____ Available data
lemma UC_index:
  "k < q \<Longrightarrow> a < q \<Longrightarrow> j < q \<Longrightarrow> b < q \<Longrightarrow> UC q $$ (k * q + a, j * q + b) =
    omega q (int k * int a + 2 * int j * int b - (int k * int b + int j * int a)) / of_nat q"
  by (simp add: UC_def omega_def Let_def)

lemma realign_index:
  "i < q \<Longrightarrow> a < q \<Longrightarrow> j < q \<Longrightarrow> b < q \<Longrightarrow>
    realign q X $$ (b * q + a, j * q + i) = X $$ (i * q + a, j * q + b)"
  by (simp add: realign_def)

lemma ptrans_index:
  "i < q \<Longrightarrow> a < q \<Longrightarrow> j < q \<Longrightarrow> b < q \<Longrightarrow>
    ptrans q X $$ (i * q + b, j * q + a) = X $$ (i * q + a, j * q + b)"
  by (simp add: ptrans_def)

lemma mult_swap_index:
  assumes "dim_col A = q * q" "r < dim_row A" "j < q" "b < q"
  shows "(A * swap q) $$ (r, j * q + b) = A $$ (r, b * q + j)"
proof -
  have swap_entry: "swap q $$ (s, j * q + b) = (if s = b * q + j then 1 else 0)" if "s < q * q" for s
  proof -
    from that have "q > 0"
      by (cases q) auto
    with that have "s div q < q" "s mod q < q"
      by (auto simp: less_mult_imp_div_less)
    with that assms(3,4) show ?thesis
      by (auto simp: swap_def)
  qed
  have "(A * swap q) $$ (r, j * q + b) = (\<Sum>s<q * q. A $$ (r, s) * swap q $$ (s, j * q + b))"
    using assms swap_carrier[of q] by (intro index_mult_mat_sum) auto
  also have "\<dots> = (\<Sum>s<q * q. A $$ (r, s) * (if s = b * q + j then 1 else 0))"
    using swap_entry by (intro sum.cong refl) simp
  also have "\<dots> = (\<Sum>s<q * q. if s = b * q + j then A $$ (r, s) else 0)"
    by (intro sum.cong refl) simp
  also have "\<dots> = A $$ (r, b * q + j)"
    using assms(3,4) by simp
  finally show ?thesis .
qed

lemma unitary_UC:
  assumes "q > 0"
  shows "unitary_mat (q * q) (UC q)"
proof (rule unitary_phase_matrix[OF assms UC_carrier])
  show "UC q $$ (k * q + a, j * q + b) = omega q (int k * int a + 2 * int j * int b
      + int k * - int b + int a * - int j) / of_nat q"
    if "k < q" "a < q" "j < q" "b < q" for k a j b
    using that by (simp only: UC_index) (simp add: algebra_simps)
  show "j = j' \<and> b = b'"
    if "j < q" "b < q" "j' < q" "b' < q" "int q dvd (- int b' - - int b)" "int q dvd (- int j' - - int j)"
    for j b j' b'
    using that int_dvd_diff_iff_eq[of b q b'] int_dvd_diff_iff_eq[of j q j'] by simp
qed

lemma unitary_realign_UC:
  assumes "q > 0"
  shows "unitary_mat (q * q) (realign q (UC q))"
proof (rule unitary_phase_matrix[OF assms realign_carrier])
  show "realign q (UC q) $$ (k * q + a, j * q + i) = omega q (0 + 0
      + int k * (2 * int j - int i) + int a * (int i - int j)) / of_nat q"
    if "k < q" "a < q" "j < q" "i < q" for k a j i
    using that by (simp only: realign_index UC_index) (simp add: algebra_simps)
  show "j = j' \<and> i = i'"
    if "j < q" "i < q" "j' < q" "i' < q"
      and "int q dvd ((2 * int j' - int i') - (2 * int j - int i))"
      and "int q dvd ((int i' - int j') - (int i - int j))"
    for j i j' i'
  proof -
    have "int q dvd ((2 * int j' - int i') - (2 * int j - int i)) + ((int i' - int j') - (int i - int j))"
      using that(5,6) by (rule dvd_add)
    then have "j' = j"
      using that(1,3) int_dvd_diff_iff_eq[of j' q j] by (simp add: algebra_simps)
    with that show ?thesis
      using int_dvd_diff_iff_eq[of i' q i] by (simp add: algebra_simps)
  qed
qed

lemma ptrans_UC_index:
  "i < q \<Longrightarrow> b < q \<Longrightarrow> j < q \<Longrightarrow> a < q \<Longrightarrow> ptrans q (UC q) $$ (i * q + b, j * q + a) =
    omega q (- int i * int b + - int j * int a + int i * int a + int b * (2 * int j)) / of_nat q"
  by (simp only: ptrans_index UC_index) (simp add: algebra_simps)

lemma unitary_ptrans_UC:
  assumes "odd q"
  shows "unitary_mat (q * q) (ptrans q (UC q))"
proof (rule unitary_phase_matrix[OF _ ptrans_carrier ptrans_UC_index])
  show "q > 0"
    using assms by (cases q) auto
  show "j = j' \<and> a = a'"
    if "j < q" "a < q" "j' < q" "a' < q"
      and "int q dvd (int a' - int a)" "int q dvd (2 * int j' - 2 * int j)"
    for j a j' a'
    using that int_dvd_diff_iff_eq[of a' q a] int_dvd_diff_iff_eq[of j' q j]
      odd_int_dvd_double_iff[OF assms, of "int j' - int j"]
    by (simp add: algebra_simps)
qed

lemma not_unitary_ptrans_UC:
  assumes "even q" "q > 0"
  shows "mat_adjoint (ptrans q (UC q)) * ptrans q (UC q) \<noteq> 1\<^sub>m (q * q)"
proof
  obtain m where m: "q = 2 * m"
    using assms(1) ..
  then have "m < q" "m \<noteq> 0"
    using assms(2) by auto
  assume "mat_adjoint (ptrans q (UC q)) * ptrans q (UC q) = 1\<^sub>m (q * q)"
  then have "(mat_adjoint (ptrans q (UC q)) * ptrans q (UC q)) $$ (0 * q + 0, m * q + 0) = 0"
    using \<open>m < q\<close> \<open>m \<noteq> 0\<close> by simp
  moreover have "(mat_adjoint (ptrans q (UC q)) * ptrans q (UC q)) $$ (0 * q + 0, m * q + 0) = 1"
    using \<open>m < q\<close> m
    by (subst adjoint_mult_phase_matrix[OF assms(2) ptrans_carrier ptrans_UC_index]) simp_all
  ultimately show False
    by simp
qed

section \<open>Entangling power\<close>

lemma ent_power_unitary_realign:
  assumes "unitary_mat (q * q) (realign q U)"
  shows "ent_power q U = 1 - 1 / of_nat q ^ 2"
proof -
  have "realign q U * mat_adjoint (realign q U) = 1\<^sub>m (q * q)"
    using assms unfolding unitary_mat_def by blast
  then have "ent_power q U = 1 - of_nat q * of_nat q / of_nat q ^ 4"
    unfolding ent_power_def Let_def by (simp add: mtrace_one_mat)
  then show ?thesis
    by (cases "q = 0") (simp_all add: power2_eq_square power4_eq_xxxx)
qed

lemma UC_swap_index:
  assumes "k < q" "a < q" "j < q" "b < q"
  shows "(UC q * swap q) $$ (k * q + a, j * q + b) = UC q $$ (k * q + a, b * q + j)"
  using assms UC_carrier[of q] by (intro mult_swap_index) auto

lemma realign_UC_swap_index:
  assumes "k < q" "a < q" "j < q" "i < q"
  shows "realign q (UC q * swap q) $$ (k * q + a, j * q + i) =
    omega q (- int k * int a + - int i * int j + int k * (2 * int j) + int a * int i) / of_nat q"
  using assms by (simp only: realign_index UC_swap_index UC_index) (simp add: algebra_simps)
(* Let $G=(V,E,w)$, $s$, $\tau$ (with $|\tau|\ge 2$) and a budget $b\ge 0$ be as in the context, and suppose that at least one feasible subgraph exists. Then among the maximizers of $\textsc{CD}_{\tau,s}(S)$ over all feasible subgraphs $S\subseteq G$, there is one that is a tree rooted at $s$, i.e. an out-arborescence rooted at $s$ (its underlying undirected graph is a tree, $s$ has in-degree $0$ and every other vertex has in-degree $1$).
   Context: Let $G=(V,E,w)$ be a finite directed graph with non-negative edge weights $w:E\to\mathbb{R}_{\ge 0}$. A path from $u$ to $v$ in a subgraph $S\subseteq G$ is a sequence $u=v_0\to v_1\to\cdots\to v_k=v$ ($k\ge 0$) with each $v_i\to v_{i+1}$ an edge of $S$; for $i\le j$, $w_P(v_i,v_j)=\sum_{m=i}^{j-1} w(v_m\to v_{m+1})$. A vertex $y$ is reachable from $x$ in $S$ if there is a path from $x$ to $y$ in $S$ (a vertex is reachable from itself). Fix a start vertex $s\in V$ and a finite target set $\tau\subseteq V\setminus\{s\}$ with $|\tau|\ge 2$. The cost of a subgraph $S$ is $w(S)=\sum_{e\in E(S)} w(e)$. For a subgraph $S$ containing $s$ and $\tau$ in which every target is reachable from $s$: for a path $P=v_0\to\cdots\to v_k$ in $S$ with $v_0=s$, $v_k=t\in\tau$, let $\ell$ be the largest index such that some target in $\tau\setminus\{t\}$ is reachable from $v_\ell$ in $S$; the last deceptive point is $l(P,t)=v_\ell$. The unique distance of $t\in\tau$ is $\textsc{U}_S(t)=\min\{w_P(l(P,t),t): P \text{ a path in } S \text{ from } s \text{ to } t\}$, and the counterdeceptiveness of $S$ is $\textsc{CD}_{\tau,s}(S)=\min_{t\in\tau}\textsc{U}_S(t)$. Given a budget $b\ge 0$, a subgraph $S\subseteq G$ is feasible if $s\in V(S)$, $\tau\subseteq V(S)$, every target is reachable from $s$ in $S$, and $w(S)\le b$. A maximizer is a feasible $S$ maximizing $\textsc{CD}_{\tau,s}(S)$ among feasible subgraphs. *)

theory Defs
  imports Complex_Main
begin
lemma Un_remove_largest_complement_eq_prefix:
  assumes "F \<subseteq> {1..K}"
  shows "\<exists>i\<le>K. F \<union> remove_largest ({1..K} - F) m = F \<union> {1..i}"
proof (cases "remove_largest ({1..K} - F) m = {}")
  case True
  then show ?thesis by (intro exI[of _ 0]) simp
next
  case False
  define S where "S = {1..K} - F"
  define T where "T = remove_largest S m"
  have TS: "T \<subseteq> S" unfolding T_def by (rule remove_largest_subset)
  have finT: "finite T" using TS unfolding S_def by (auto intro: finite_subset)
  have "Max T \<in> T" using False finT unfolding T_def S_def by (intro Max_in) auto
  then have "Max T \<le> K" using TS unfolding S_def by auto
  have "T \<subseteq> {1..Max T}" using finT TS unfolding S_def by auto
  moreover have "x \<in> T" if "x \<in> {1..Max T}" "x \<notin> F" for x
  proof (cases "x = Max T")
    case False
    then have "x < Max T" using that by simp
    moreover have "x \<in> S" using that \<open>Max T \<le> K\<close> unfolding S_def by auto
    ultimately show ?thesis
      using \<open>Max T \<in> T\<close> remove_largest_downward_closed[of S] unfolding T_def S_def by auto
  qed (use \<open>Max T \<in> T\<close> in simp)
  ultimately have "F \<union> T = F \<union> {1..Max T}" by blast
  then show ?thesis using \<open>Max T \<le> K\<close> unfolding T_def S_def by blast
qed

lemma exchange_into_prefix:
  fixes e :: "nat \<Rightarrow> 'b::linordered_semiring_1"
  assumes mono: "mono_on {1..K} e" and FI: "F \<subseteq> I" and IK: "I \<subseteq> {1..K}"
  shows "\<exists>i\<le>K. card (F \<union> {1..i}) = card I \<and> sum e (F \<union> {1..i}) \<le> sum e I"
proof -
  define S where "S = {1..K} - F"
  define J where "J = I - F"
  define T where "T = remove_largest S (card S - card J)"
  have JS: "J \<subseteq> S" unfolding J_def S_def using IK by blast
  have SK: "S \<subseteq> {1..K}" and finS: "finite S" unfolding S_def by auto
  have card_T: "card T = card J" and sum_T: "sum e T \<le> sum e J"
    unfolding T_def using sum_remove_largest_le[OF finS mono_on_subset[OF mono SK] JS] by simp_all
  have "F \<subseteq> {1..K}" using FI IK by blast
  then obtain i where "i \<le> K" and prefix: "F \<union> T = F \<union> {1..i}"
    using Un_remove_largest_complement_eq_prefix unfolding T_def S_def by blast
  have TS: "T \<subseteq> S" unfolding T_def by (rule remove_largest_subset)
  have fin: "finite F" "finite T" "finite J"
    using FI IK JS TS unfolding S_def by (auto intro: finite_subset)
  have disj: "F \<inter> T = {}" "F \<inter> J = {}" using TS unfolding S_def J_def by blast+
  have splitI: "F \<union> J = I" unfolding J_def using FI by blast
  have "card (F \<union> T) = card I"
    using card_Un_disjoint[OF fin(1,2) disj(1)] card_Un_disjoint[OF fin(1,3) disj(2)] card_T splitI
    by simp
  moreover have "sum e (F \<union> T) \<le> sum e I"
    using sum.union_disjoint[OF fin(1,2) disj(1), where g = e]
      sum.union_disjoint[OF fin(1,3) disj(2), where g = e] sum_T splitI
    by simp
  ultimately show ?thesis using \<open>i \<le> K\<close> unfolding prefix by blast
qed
________
> **What you need to do**: For the word "disj", find every line in the data that holds it and copy that line.

> **Completed task**:
  have disj: "F \<inter> T = {}" "F \<inter> J = {}" using TS unfolding S_def J_def by blast+
    using card_Un_disjoint[OF fin(1,2) disj(1)] card_Un_disjoint[OF fin(1,3) disj(2)] card_T splitI
    using sum.union_disjoint[OF fin(1,2) disj(1), where g = e]
      sum.union_disjoint[OF fin(1,3) disj(2), where g = e] sum_T splitI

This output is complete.